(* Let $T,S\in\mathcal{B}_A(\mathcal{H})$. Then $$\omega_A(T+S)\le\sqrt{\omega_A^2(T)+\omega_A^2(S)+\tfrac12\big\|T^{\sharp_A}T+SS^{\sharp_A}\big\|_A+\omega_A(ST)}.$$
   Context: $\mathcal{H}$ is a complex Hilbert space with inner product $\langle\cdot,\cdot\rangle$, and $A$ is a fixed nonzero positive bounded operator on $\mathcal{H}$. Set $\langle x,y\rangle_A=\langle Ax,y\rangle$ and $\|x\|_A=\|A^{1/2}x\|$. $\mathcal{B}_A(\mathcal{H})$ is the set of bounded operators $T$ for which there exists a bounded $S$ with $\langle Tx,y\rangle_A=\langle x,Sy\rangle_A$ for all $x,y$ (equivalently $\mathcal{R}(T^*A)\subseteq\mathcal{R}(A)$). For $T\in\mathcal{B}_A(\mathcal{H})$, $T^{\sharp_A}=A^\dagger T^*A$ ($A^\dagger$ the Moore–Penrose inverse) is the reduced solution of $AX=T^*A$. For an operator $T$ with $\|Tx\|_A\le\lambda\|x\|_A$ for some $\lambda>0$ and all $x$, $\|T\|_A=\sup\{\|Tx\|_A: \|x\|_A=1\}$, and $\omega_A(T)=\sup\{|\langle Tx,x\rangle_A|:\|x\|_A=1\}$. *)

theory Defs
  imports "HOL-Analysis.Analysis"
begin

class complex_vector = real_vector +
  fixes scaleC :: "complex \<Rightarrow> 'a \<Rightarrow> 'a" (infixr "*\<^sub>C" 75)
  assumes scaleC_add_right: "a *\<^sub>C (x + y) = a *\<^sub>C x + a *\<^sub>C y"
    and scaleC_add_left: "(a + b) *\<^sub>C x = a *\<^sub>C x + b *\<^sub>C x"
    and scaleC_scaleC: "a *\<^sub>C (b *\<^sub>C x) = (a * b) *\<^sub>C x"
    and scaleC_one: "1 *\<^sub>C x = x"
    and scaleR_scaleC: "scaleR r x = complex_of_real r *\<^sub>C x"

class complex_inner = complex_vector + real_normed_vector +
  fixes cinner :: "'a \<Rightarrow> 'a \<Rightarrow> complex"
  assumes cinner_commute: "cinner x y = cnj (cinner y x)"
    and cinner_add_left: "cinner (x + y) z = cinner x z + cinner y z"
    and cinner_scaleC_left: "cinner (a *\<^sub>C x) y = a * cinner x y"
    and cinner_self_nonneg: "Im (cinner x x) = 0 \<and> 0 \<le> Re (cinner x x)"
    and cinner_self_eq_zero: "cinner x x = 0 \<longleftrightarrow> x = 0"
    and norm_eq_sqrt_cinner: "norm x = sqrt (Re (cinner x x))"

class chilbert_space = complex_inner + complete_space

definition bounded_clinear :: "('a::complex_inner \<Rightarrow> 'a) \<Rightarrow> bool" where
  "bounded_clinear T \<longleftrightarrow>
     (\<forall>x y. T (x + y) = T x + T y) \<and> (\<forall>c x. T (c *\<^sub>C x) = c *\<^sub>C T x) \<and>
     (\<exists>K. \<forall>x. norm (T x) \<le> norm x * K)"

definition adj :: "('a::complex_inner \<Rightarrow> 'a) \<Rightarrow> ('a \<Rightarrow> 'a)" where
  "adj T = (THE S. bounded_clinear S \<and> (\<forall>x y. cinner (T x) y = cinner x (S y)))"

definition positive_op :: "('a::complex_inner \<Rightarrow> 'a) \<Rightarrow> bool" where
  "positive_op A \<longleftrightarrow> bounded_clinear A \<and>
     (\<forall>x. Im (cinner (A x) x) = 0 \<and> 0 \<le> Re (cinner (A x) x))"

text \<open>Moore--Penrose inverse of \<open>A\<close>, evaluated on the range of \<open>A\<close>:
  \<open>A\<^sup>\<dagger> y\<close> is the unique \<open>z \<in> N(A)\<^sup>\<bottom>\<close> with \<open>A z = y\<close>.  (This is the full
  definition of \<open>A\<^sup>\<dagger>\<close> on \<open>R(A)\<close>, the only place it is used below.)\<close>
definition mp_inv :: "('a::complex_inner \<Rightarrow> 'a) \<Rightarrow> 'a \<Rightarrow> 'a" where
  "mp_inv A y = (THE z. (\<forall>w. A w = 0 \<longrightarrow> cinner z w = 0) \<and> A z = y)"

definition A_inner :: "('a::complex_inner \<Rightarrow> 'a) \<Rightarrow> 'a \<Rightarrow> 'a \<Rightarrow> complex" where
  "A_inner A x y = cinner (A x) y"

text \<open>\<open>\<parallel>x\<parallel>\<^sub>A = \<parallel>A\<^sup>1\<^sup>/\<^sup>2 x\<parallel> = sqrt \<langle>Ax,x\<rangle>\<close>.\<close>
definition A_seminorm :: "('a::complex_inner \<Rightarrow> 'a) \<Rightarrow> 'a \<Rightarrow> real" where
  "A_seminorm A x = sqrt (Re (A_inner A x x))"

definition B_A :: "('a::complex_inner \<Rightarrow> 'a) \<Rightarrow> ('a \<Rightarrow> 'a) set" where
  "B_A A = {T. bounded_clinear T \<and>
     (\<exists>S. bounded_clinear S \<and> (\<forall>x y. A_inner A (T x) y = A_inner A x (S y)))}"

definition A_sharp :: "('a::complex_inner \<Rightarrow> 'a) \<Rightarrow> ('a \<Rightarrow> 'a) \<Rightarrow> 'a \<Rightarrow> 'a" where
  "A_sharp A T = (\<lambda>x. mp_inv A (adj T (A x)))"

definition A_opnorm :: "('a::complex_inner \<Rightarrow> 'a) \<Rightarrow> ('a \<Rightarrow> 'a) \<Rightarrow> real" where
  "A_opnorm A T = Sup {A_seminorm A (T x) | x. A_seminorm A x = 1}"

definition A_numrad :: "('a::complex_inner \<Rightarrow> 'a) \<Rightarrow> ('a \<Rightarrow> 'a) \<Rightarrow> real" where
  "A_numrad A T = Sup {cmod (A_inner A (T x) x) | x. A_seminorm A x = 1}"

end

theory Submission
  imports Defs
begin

☆ ☆ ☆

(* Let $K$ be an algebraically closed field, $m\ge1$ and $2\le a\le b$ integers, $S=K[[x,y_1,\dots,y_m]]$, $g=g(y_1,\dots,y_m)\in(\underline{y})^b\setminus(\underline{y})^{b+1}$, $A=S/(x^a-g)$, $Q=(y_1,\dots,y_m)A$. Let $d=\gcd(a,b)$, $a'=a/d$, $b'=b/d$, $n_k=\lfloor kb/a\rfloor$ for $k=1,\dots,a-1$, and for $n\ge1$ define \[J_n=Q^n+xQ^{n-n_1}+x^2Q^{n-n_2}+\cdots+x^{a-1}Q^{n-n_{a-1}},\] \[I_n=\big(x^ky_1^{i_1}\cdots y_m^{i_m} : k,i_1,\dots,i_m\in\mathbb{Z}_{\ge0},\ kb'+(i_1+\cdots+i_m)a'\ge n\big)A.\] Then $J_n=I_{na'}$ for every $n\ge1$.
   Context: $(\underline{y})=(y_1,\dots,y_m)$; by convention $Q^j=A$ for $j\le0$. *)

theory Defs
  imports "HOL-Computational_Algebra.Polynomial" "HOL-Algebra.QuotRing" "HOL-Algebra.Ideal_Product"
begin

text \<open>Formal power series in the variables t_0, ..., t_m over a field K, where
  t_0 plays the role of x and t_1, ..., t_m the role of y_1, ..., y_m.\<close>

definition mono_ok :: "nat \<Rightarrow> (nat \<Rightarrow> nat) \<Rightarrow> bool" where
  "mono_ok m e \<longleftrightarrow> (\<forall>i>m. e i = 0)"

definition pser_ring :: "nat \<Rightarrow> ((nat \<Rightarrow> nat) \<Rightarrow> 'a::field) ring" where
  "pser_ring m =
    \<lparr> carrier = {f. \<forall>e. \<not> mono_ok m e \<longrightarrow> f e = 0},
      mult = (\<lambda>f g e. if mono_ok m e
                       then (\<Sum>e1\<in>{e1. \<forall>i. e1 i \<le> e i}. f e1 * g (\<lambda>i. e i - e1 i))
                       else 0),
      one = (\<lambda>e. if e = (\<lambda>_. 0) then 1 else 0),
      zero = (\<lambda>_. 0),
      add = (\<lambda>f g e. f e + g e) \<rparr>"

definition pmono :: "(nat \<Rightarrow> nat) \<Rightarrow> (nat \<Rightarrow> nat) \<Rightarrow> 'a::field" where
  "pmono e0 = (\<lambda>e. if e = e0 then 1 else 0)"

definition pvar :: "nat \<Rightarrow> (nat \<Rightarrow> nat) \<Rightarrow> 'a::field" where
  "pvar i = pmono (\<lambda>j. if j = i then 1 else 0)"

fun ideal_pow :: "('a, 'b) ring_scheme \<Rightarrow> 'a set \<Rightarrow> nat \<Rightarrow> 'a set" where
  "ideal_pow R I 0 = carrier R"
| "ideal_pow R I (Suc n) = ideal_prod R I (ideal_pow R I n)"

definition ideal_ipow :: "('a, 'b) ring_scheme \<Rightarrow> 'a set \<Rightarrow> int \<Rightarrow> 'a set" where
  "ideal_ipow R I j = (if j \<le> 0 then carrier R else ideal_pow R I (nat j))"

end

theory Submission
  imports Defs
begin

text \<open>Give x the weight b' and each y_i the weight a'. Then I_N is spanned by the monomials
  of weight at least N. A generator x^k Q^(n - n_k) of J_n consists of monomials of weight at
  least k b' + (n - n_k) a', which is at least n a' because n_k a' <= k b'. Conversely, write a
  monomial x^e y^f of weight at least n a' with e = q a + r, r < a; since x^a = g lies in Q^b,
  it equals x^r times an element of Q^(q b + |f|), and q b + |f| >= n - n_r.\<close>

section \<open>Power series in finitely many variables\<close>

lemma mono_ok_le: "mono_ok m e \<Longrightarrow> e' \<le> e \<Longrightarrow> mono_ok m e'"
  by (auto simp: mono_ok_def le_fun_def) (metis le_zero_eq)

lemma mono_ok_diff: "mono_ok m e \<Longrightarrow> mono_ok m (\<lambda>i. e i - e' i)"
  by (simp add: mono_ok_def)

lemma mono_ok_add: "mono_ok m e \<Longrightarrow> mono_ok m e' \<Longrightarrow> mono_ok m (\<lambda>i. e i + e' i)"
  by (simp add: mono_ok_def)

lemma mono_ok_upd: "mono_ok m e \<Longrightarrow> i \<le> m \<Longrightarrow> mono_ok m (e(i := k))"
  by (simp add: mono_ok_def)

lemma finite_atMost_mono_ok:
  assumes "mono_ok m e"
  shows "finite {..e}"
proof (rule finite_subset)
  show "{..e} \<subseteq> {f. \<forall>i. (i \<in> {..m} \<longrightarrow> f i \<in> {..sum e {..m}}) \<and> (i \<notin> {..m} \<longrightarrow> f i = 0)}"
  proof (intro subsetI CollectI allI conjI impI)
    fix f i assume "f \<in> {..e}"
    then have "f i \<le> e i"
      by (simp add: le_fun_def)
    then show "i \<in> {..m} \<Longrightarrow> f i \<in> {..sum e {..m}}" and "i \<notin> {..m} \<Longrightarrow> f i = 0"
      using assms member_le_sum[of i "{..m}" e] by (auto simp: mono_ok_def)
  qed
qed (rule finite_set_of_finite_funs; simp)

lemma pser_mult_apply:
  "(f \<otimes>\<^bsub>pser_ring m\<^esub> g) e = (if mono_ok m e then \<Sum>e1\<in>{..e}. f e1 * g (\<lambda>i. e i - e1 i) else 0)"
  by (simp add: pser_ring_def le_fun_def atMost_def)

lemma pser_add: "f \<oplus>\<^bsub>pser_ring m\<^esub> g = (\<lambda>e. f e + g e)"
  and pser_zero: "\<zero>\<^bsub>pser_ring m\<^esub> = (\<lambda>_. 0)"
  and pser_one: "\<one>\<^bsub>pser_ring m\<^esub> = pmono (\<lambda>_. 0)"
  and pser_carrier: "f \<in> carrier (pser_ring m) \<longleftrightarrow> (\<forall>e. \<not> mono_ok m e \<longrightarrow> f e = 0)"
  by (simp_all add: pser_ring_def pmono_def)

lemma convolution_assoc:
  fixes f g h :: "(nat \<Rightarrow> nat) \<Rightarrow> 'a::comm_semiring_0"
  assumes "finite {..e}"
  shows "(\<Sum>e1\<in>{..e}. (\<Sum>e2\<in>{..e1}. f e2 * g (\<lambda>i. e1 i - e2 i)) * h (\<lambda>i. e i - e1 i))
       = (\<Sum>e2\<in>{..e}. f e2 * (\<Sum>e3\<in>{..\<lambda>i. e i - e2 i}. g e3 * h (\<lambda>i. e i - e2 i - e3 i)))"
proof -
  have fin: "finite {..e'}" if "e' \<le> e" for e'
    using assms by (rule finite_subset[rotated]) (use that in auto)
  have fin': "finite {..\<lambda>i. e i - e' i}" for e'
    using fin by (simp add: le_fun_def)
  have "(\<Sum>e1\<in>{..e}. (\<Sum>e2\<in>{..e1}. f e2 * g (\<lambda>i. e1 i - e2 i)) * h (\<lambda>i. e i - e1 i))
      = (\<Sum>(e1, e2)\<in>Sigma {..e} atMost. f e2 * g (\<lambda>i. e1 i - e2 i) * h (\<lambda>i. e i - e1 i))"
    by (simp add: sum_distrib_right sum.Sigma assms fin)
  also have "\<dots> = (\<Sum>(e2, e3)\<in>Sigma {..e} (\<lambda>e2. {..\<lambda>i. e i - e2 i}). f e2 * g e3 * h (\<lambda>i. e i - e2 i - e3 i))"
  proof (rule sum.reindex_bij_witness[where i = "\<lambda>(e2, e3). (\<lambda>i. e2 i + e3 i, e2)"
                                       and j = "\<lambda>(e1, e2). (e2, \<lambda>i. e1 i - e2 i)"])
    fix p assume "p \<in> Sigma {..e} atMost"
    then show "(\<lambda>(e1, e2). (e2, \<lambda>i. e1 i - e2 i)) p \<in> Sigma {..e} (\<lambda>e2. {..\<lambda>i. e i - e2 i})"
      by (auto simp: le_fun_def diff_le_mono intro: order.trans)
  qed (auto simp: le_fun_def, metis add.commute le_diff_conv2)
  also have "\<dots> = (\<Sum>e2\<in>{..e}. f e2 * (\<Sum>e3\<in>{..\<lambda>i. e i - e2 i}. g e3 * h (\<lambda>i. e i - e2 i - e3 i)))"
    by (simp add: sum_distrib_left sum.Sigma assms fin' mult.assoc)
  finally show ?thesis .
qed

☆ ☆ ☆

Give back exactly the lines above starting at the line where "by (simp add: sum_distrib_right" appears and ending at the line where "e2 i)) p \<in>" appears, both included, with no other lines.

| Finished task |
    by (simp add: sum_distrib_right sum.Sigma assms fin)
  also have "\<dots> = (\<Sum>(e2, e3)\<in>Sigma {..e} (\<lambda>e2. {..\<lambda>i. e i - e2 i}). f e2 * g e3 * h (\<lambda>i. e i - e2 i - e3 i))"
  proof (rule sum.reindex_bij_witness[where i = "\<lambda>(e2, e3). (\<lambda>i. e2 i + e3 i, e2)"
                                       and j = "\<lambda>(e1, e2). (e2, \<lambda>i. e1 i - e2 i)"])
    fix p assume "p \<in> Sigma {..e} atMost"
    then show "(\<lambda>(e1, e2). (e2, \<lambda>i. e1 i - e2 i)) p \<in> Sigma {..e} (\<lambda>e2. {..\<lambda>i. e i - e2 i})"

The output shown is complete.